El colega se hacía pasar por miembro de la Resistencia francesa y atraía con engaños a opulentos judíos a su casa, haciéndoles creer que podía hacerlos salir clandestinamente del país. En lugar de eso, los asesinaba y robaba sus pertenencias, matando a 63 personas antes de que fuera finalmente atrapado. De pequeño demostró una inteligencia considerable, pero al mismo tiempo revelaba ciertas tendencias sádicas que preocupaban a quienes le rodeaban: desde sumergir las patas de su gato en un cazo de agua hirviendo hasta asfixiar a este mismo animal con sus propias manos, o torturar a otros animales sacándoles los ojos para divertirse mirando como éstos se golpeaban contra las paredes una vez ciegos (todo un reto para Hermano Mayor!! :D) .
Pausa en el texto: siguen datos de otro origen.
lemma asymp_tail_eq:
  "asymp_tail w = (\<Sum>i=1..n. \<Sum>j\<in>{1..m} - {i}. (\<integral>\<omega>. \<Theta> i \<omega> powr \<alpha> i * \<Delta> j \<omega> powr \<alpha>' j \<partial>M)
                       * tail M (X i) (fst w) * tail M (Y j) (snd w))
    + (\<Sum>i=1..min n m. C i * (\<integral>\<omega>. \<Theta> i \<omega> powr \<alpha> i * \<Delta> i \<omega> powr \<alpha>' i \<partial>M)
                       * tail M (X i) (fst w) * tail M (Y i) (snd w))"
proof -
  define T where "T i j = breiman_const i j * tail M (X i) (fst w) * tail M (Y j) (snd w)" for i j
  have off_diag: "T i j = (\<integral>\<omega>. \<Theta> i \<omega> powr \<alpha> i * \<Delta> j \<omega> powr \<alpha>' j \<partial>M) * tail M (X i) (fst w) * tail M (Y j) (snd w)"
    if "j \<noteq> i" for i j
    using that by (simp add: T_def breiman_const_def pair_const_def)
  have "asymp_tail w = (\<Sum>i=1..n. \<Sum>j=1..m. T i j)"
    unfolding asymp_tail_def T_def by (simp add: sum.cartesian_product split_def)
  also have "\<dots> = (\<Sum>i=1..n. (\<Sum>j\<in>{1..m} - {i}. T i j) + (if i \<le> m then T i i else 0))"
    by (intro sum.cong refl) (auto simp: sum.remove)
  also have "\<dots> = (\<Sum>i=1..n. \<Sum>j\<in>{1..m} - {i}. T i j) + (\<Sum>i=1..n. if i \<le> m then T i i else 0)"
    by (simp add: sum.distrib)
  also have "(\<Sum>i=1..n. if i \<le> m then T i i else 0) = (\<Sum>i\<in>{i\<in>{1..n}. i \<le> m}. T i i)"
    by (rule sum.inter_filter[symmetric]) simp
  also have "{i\<in>{1..n}. i \<le> m} = {1..min n m}" by auto
  finally show ?thesis
    by (simp add: off_diag T_def breiman_const_def pair_const_def mult.assoc)
qed

end
(* Let $f\in C^2(r_{\mathcal{C}},\infty)$ with $f(r)>0$ for all $r>r_{\mathcal{C}}$, and let $X=f(r)\partial_r$. Then for every (sufficiently regular) function $\psi$ on the expanding region of Schwarzschild–de Sitter, $$\square_g(X\psi)=X(\square_g\psi)+\frac{f^2}{r^2}\partial_r\Big(\frac{r^2\phi^{-2}}{f^2}\Big)\partial_r(X\psi)+\frac{f^2}{r^2}\partial_r^2\Big(\frac{r^2\phi^{-2}}{f}\Big)\partial_r\psi+2f\phi^4\Big(\frac1r-\frac{3m}{r^2}\Big)\partial_t^2\psi+\frac{2f}{r}\square_g\psi.$$
   Context: Fix $\Lambda>0$, $0<3m<1/\sqrt\Lambda$; $D(r)=\frac{\Lambda}{3}r^2-1+\frac{2m}{r}$, $r_{\mathcal{C}}$ its largest positive root; expanding region $(r_{\mathcal{C}},\infty)_r\times\mathbb{R}_t\times\mathbb{S}^2$ with $g=-D^{-1}dr^2+Ddt^2+r^2\gamma_{\mathbb{S}^2}$, lapse $\phi=D^{-1/2}$, and $\square_g\psi=\phi^2\partial_t^2\psi-r^{-2}\partial_r(r^2\phi^{-2}\partial_r\psi)+r^{-2}\Delta_{\mathbb{S}^2}\psi$. *)

theory Defs
  imports "HOL-Analysis.Analysis"
begin

definition D_sds :: "real \<Rightarrow> real \<Rightarrow> real \<Rightarrow> real" where
  "D_sds \<Lambda> m r = \<Lambda> / 3 * r ^ 2 - 1 + 2 * m / r"

definition r_C :: "real \<Rightarrow> real \<Rightarrow> real" where
  "r_C \<Lambda> m = Max {r. 0 < r \<and> D_sds \<Lambda> m r = 0}"

text \<open>C^k on a set (for open sets): iterated Frechet derivatives in every direction
  exist and are continuous.\<close>
fun Ck :: "nat \<Rightarrow> 'a::real_normed_vector set \<Rightarrow> ('a \<Rightarrow> real) \<Rightarrow> bool" where
  "Ck 0 S g = continuous_on S g"
| "Ck (Suc k) S g = (g differentiable_on S \<and> continuous_on S g \<and>
      (\<forall>v. Ck k S (\<lambda>x. frechet_derivative g (at x) v)))"

text \<open>Coordinates p = (r, t, theta, phi) on the expanding region, with (theta, phi)
  standard polar coordinates on the sphere.\<close>
type_synonym pt = "real \<times> real \<times> real \<times> real"

definition e_r :: pt where "e_r = (1, 0, 0, 0)"
definition e_t :: pt where "e_t = (0, 1, 0, 0)"
definition e_th :: pt where "e_th = (0, 0, 1, 0)"
definition e_ph :: pt where "e_ph = (0, 0, 0, 1)"

definition pd :: "pt \<Rightarrow> (pt \<Rightarrow> real) \<Rightarrow> pt \<Rightarrow> real" where
  "pd v g p = frechet_derivative g (at p) v"

definition rad :: "pt \<Rightarrow> real" where "rad p = fst p"
definition theta :: "pt \<Rightarrow> real" where "theta p = fst (snd (snd p))"

definition lap_S2 :: "(pt \<Rightarrow> real) \<Rightarrow> pt \<Rightarrow> real" where
  "lap_S2 g p = 1 / sin (theta p) * pd e_th (\<lambda>q. sin (theta q) * pd e_th g q) p
               + 1 / (sin (theta p))^2 * pd e_ph (pd e_ph g) p"

text \<open>Wave operator, with lapse phi = D^(-1/2), so phi^2 = 1/D and phi^(-2) = D:
  box psi = phi^2 dt^2 psi - r^-2 dr(r^2 phi^-2 dr psi) + r^-2 Lap_S2 psi.\<close>
definition box_g :: "real \<Rightarrow> real \<Rightarrow> (pt \<Rightarrow> real) \<Rightarrow> pt \<Rightarrow> real" where
  "box_g \<Lambda> m g p =
     1 / D_sds \<Lambda> m (rad p) * pd e_t (pd e_t g) p
     - 1 / (rad p)^2 * pd e_r (\<lambda>q. (rad q)^2 * D_sds \<Lambda> m (rad q) * pd e_r g q) p
     + 1 / (rad p)^2 * lap_S2 g p"

definition expanding_region :: "real \<Rightarrow> real \<Rightarrow> pt set" where
  "expanding_region \<Lambda> m = {r_C \<Lambda> m<..} \<times> UNIV \<times> {0<..<pi} \<times> UNIV"

end

(* Write X = f(r) d_r. Its coefficient depends on r only and it has no t- or angular component,
   so X commutes with d_t^2 and with the Laplacian of the round sphere; by the symmetry of third
   partial derivatives of a C^3 function, so does d_r. Expanding box_g (X psi) and X (box_g psi)
   therefore produces the same terms in d_t^2 d_r psi and in the spherical Laplacian of d_r psi, and
   the identity reduces to comparing the coefficients of d_r psi, d_r^2 psi, d_r^3 psi, d_t^2 psi
   and of the spherical Laplacian of psi, which are explicit in f, D and their first two
   derivatives. The radial coefficients agree for an arbitrary weight r^2 D; the coefficient of
   d_t^2 psi agrees because r D' - 2 D = 2 - 6 m / r for the Schwarzschild--de Sitter function D. *)

theory Submission
  imports Defs "HOL-Computational_Algebra.Polynomial"
begin
theorem per_alternating_sum_nonneg:
  fixes A :: "'k \<Rightarrow> complex^'n::finite^'n"
  assumes "finite K" and psd_A: "\<And>k. k \<in> K \<Longrightarrow> psd (A k)"
  shows "0 \<le> (\<Sum>T\<in>Pow K. (-1) ^ (card K - card T) * per (\<Sum>k\<in>T. A k))"
proof -
  define w where "w L = (\<Sum>f | range f = L. per_weight A f)" for L :: "'k set"
  define c :: complex where "c = of_nat (fact CARD('n))"
  have "w K = (\<Sum>T\<in>Pow K. (-1) ^ (card K - card T) * (c * per (\<Sum>k\<in>T. A k)))"
    using inclusion_exclusion_mobius[OF fact_per_sum_eq_sum_by_range \<open>finite K\<close>]
    unfolding w_def c_def .
  also have "\<dots> = c * (\<Sum>T\<in>Pow K. (-1) ^ (card K - card T) * per (\<Sum>k\<in>T. A k))"
    by (simp add: sum_distrib_left ac_simps)
  moreover have "0 \<le> w K"
    unfolding w_def using psd_A by (intro sum_nonneg per_weight_nonneg) auto
  ultimately have "0 \<le> c * (\<Sum>T\<in>Pow K. (-1) ^ (card K - card T) * per (\<Sum>k\<in>T. A k))"
    by simp
  then show ?thesis
    unfolding c_def by (rule nonneg_of_nat_mult_cancel) simp
qed

lemma per_zero: "per (0 :: 'a::comm_semiring_1^'n::finite^'n) = 0"
  by (simp add: per_def zero_power)

theorem corollary3p3:
  fixes A1 A2 A3 :: "complex^'n::finite^'n"
  assumes "psd A1" and "psd A2" and "psd A3"
  shows "per (A1 + A2 + A3) + per A1 + per A2 + per A3
           \<ge> per (A1 + A2) + per (A1 + A3) + per (A2 + A3)"
proof -
  define A where "A = (!) [A1, A2, A3]"
  have "0 \<le> (\<Sum>T\<in>Pow {0, 1, 2}. (-1) ^ (card {0, 1, 2::nat} - card T) * per (\<Sum>k\<in>T. A k))"
    using assms by (intro per_alternating_sum_nonneg) (auto simp: A_def)
  also have "\<dots> = per (A1 + A2 + A3) - per (A1 + A2) - per (A1 + A3) - per (A2 + A3)
      + per A1 + per A2 + per A3"
    by (simp add: A_def Pow_insert sum.union_disjoint image_Un sum.reindex inj_on_def
        insert_commute doubleton_eq_iff insert_eq_iff per_zero add.assoc)
  finally show ?thesis
    by (simp add: algebra_simps)
qed

end
lemma ell2_imp_tendsto_zero:
  assumes "ell2 x"
  shows "x \<longlonglongrightarrow> 0"
proof (rule Lim_null_comparison)
  show "\<forall>\<^sub>F k in sequentially. norm (x k) \<le> sqrt ((cmod (x k))^2)"
    by simp
  show "(\<lambda>k. sqrt ((cmod (x k))^2)) \<longlonglongrightarrow> 0"
    using tendsto_real_sqrt[OF summable_LIMSEQ_zero] assms unfolding ell2_def by fastforce
qed

lemma ell2_lim_imp_tendsto_coordinate:
  assumes "ell2_lim X x"
  shows "(\<lambda>j. X j k) \<longlonglongrightarrow> x k"
proof -
  let ?dist = "\<lambda>j. \<Sum>i. (cmod (X j i - x i))^2"
  have "(\<lambda>j. X j k - x k) \<longlonglongrightarrow> 0"
  proof (rule Lim_null_comparison)
    have "(cmod (X j k - x k))^2 \<le> ?dist j" for j
    proof -
      have "summable (\<lambda>i. (cmod (X j i - x i))^2)"
        using assms unfolding ell2_lim_def ell2_def by blast
      from sum_le_suminf[OF this, of "{k}"] show ?thesis
        by simp
    qed
    then show "\<forall>\<^sub>F j in sequentially. norm (X j k - x k) \<le> sqrt (?dist j)"
      by (intro always_eventually allI) (simp add: real_le_rsqrt)
    show "(\<lambda>j. sqrt (?dist j)) \<longlonglongrightarrow> 0"
      using tendsto_real_sqrt[of ?dist 0] assms unfolding ell2_lim_def by simp
  qed
  then show ?thesis
    by (rule LIM_zero_cancel)
qed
El 11 de marzo de 1944 la Policía acudió a casa del doctor Petiot, alertada por los atemorizados vecinos que observaban salir de la chimenea una grasienta humareda negra y un hedor insoportable. Allí descubrieron, sin dar crédito a lo que veían, el espantoso combustible que alimentaba las llamas: un montón de cuerpos desmembrados. Se consiguieron demostrar 24 muertes pero pudieron ser muchas más en realidad. El doctor Marcel Petiot les explicó con orgullo que aquellos eran «sus» cadáveres, los restos de alemanes y colaboracionistas pro-nazis que habían sido asesinados por la Resistencia francesa y confiados a su custodia para que se deshiciese de ellos. Los agentes aceptaron la explicación y lo dejaron ir, no sin antes felicitarlo por tener esas dotes de patriotismo (palmaditas en el hombro y esas cosas).
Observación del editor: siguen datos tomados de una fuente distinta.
lemma is_path_drop:
  assumes "is_path R E p" "0 < n" "n < length p"
  shows "is_path R E (drop n p)"
proof -
  have "p \<noteq> []" using assms(3) by auto
  with assms is_path_append[of "take n p" "drop n p" R E] show ?thesis by simp
qed

lemma is_cycle_if_path:
  assumes "is_path R E p" "3 \<le> length p" "E (last p) (hd p)"
  shows "is_cycle R E p"
  unfolding is_cycle_def
proof (intro conjI allI impI)
  show "distinct p" "set p \<subseteq> R" using assms(1) by (auto simp: is_path_def)
  fix i assume i: "i < length p"
  show "E (p ! i) (p ! ((i + 1) mod length p))"
  proof (cases "i + 1 < length p")
    case True
    then show ?thesis using assms(1) by (simp add: is_path_def)
  next
    case False
    with i have "i + 1 = length p" by simp
    then have "i = length p - 1" "(i + 1) mod length p = 0" by auto
    moreover have "p \<noteq> []" using assms(2) by auto
    ultimately show ?thesis using assms(3) by (simp add: last_conv_nth hd_conv_nth)
  qed
qed (use assms(2) in simp)

section \<open>Sets of naturals without two consecutive elements\<close>

lemma card_no_consecutive:
  assumes "S \<subseteq> {a..<b}" "\<forall>i\<in>S. Suc i \<notin> S"
  shows "2 * card S \<le> b - a + 1"
proof -
  have fin: "finite S" using assms(1) finite_subset by blast
  have "S \<inter> Suc ` S = {}" using assms(2) by auto
  then have "card (S \<union> Suc ` S) = 2 * card S"
    using fin by (simp add: card_Un_disjoint card_image)
  moreover have "S \<union> Suc ` S \<subseteq> {a..<b + 1}" using assms(1) by auto
  ultimately show ?thesis using card_mono[OF finite_atLeastLessThan, of "S \<union> Suc ` S" a "b + 1"] by simp
qed

lemma card_no_consecutive_two_intervals:
  assumes "S \<subseteq> {a..<b} \<union> {c..<d}" "\<forall>i\<in>S. Suc i \<notin> S"
  shows "2 * card S \<le> (b - a) + (d - c) + 2"
proof -
  have "S = S \<inter> {a..<b} \<union> S \<inter> {c..<d}" using assms(1) by blast
  then have "card S \<le> card (S \<inter> {a..<b}) + card (S \<inter> {c..<d})"
    by (metis card_Un_le)
  moreover have "2 * card (S \<inter> {a..<b}) \<le> b - a + 1" "2 * card (S \<inter> {c..<d}) \<le> d - c + 1"
    using assms(2) by (intro card_no_consecutive; auto)+
  ultimately show ?thesis by linarith
qed
lemma knowledge_step_known:
  assumes "compatible f c e"
  shows "knowledge_step f c (etgt e) \<noteq> None"
proof -
  have "\<exists>e'. compatible f c e' \<and> etgt e' = etgt e"
    using assms by blast
  with compatible_in_nodes[OF assms] show ?thesis
    unfolding knowledge_step_def by (simp del: split_paired_Ex)
qed

lemma knowledge_step_knownD:
  assumes "u \<in> V" and "knowledge_step f c u \<noteq> None"
  shows "compatible f c (witness_edge f c u) \<and> etgt (witness_edge f c u) = u"
  using assms by (intro witness_edge_compatible) (auto simp: knowledge_step_def split: if_splits)

lemma knowledge_step_witness:
  assumes "compatible f c e" and "witness_edge f c (etgt e) = e"
  shows "knowledge_step f c (etgt e) = Some (\<delta>1 (the (f (esrc e))) e)"
proof -
  have "\<exists>e'. compatible f c e' \<and> etgt e' = etgt e"
    using assms by blast
  with assms compatible_in_nodes[OF assms(1)] show ?thesis
    unfolding knowledge_step_def by (simp del: split_paired_Ex)
qed

lemma knowledge_step_in_states:
  assumes f: "f \<in> knowledge_states"
  shows "knowledge_step f c \<in> knowledge_states"
  unfolding knowledge_step_def knowledge_states_def restrict_PiE_iff
proof (intro ballI)
  fix u assume "u \<in> V"
  show "(if \<exists>e. compatible f c e \<and> etgt e = u
         then Some (\<delta>1 (the (f (esrc (witness_edge f c u)))) (witness_edge f c u))
         else None) \<in> insert None (Some ` M1)"
  proof (cases "\<exists>e. compatible f c e \<and> etgt e = u")
    case True
    let ?e = "witness_edge f c u"
    obtain m where m: "f (esrc ?e) = Some m" and "?e \<in> E"
      using witness_edge_compatible[OF True] unfolding compatible_def by blast
    have "f (esrc ?e) \<in> insert None (Some ` M1)"
      using f \<open>?e \<in> E\<close> edge_ends_in_nodes unfolding knowledge_states_def by (blast intro: PiE_mem)
    with m have "m \<in> M1"
      by auto
    with m \<open>?e \<in> E\<close> True show ?thesis
      using memory unfolding memory_structure_def by auto
  next
    case False
    then show ?thesis
      by (simp only: if_False) simp
  qed
qed

lemma initial_knowledge_in_states: "initial_knowledge I \<in> knowledge_states"
  using memory unfolding initial_knowledge_def knowledge_states_def memory_structure_def by auto

lemma card_knowledge_states: "card knowledge_states = (card M1 + 1) ^ card V"
proof -
  have "finite M1"
    using memory unfolding memory_structure_def by blast
  then have "card (insert None (Some ` M1)) = card M1 + 1"
    by (simp add: card_image)
  then show ?thesis
    unfolding knowledge_states_def using card_PiE[OF finite_nodes, of "\<lambda>_. insert None (Some ` M1)"]
    by simp
qed

lemma knowledge_memory_structure:
  "memory_structure E knowledge_states (initial_knowledge I) knowledge_update"
  unfolding memory_structure_def
  using finite_nodes memory initial_knowledge_in_states knowledge_step_in_states
  by (auto simp: knowledge_states_def memory_structure_def finite_PiE)

lemma knowledge_chromatic: "chromatic E knowledge_states knowledge_update"
  unfolding chromatic_def by blast

lemma simulating_strategy0: "strategy0 V0 V1 E (simulating_strategy I)"
  unfolding strategy0_def simulating_strategy_def using S1_move_edge by blast

lemma simulating_M_strategy:
  "is_M_strategy V0 V1 E (initial_knowledge I) knowledge_update (simulating_strategy I)"
  unfolding is_M_strategy_def simulating_strategy_def by simp

lemma knowledge_after_0: "knowledge_after I w 0 = initial_knowledge I"
  by (simp add: knowledge_after_def)

lemma knowledge_after_Suc:
  "knowledge_after I w (Suc k) = knowledge_step (knowledge_after I w k) (w k)"
  by (simp add: knowledge_after_def)

lemma mem_run_knowledge:
  "mem_run (initial_knowledge I) knowledge_update (v, map p [0..<k]) = knowledge_after I (ecol \<circ> p) k"
  by (simp add: mem_run_def knowledge_after_def foldl_map)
Total, que al final, dándole vueltas al tema, la policía se dió cuenta de que Marcel les había tangado, y fueron a por él, deteniéndolo en noviembre de 1944. Su juicio comenzó el 15 de marzo de 1945, ahí se descubrió la verdadera faceta del doctor. No era un luchador clandestino por la libertad, sino un criminal totalmente degenerado.
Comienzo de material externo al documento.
lemma lower_bound_of_iterates_le_on_C:
  assumes lower: "\<And>k. c \<le> f (x k)" and y: "y \<in> C"
  shows "c \<le> f y"
proof (rule ccontr)
  assume "\<not> c \<le> f y"
  define eta where "eta = (c - f y) / 2"
  have "eta > 0" using \<open>\<not> c \<le> f y\<close> by (simp add: eta_def)
  have resets: "\<And>K. \<exists>k\<ge>K. reset k" using resets_frequent[OF lower] by blast
  have gap: "f y + 2 * eta \<le> frec k" for k
  proof -
    obtain j where "frec k = f (x j)" using frec_attained[of k] by auto
    moreover have "f y + 2 * eta = c" by (simp add: eta_def field_simps)
    ultimately show ?thesis using lower[of j] by simp
  qed
  obtain K where K: "\<And>k. K \<le> k \<Longrightarrow> delta k < eta"
    using delta_eventually_less[OF resets \<open>eta > 0\<close>] by blast
  have "f y \<le> flev k" if "K \<le> k" for k
    using K[of "Suc k"] that ref_value_lower_bound[OF lower, of "Suc k"] delta_pos[of "Suc k"]
    by (simp add: flev_eq eta_def)
  then obtain M where M: "\<And>k. norm (x k - y) \<le> M" using iterates_bounded[OF y] by blast
  have M_rec: "norm (xrec k - y) \<le> M" for k using frec_attained[of k] M by auto
  obtain L where "L > 0" and L_bound:
    "\<And>z e s. norm (z - y) \<le> M \<Longrightarrow> e \<le> eps 0 \<Longrightarrow> s \<in> eps_subdiff f e z \<Longrightarrow> norm s \<le> L"
    using eps_subdiff_bounded[OF f_convex, of y M "eps 0"] by blast
  have s_bound: "norm (s k) \<le> L" for k
    using L_bound[OF _ eps_le_eps0 conjunct2[OF s[of k]]] xr_eq[of k] M M_rec by auto
  define d where "d = min eta (R * eta\<^sup>2 / (L * (M\<^sup>2 + 1)))"
  have "L * (M\<^sup>2 + 1) > 0" using \<open>L > 0\<close> by (simp add: add_nonneg_pos)
  then have "d > 0" using \<open>eta > 0\<close> R by (simp add: d_def)
  then obtain K' where K': "\<And>k. K' \<le> k \<Longrightarrow> delta k < d"
    using delta_eventually_less[OF resets] by blast
  obtain q where "K' \<le> q" "reset q" using resets by blast
  with K' have small: "delta q < d" by blast
  have "2 * R * eta\<^sup>2 < delta q * L * M\<^sup>2"
    using reset_delta_lower_bound[OF \<open>reset q\<close> y \<open>eta > 0\<close> _ gap M_rec \<open>L > 0\<close> s_bound]
      small by (simp add: d_def)
  also have "\<dots> \<le> delta q * (L * (M\<^sup>2 + 1))"
    using delta_pos[of q] \<open>L > 0\<close> by (simp add: algebra_simps)
  also have "\<dots> < R * eta\<^sup>2"
    using small \<open>L * (M\<^sup>2 + 1) > 0\<close> by (simp add: d_def pos_less_divide_eq)
  finally show False using R \<open>eta > 0\<close> by simp
qed

lemma inf_iterates_eq_inf_C: "(INF k. ereal (f (x k))) = (INF y\<in>C. ereal (f y))"
proof (rule antisym)
  show "(INF y\<in>C. ereal (f y)) \<le> (INF k. ereal (f (x k)))"
    by (rule INF_greatest) (rule INF_lower, rule x_in_C)
next
  show "(INF k. ereal (f (x k))) \<le> (INF y\<in>C. ereal (f y))"
  proof (rule INF_greatest)
    fix y assume "y \<in> C"
    have "(INF k. ereal (f (x k))) \<le> ereal (f (x 0))" by (rule INF_lower) simp
    then show "(INF k. ereal (f (x k))) \<le> ereal (f y)"
    proof (cases "INF k. ereal (f (x k))")
      case (real c)
      have "c \<le> f (x k)" for k
      proof -
        have "(INF k. ereal (f (x k))) \<le> ereal (f (x k))" by (rule INF_lower) simp
        then show ?thesis using real by simp
      qed
      then show ?thesis using real lower_bound_of_iterates_le_on_C[OF _ \<open>y \<in> C\<close>] by simp
    qed auto
  qed
qed

end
Se le acusaba de 27 asesinatos por las evidencias de su sótano. Su hermano Maurice, quien le proporcionaba la cal, alegó que Petiot la utilizaba contra las cucarachas, pero el enorme volumen de 400 kg suministrados sirvió para inculparlo de complicidad criminal (coño, en verano proliferan las cuquis, el chaval podía querer asegurarse de tener cal suficiente. Yo no lo utilizaría como prueba…).
Mientras se hallaba detenido a la espera del juicio, Petiot en todo momento comentaba jocosamente a los guardianes de su prisión que No dejen de acudir a mi juicio, va a ser maravilloso y se va a reír todo el mundo, y nada más lejos de la realidad: ese juicio fue uno de los más surrealistas y confusos en la historia de Francia.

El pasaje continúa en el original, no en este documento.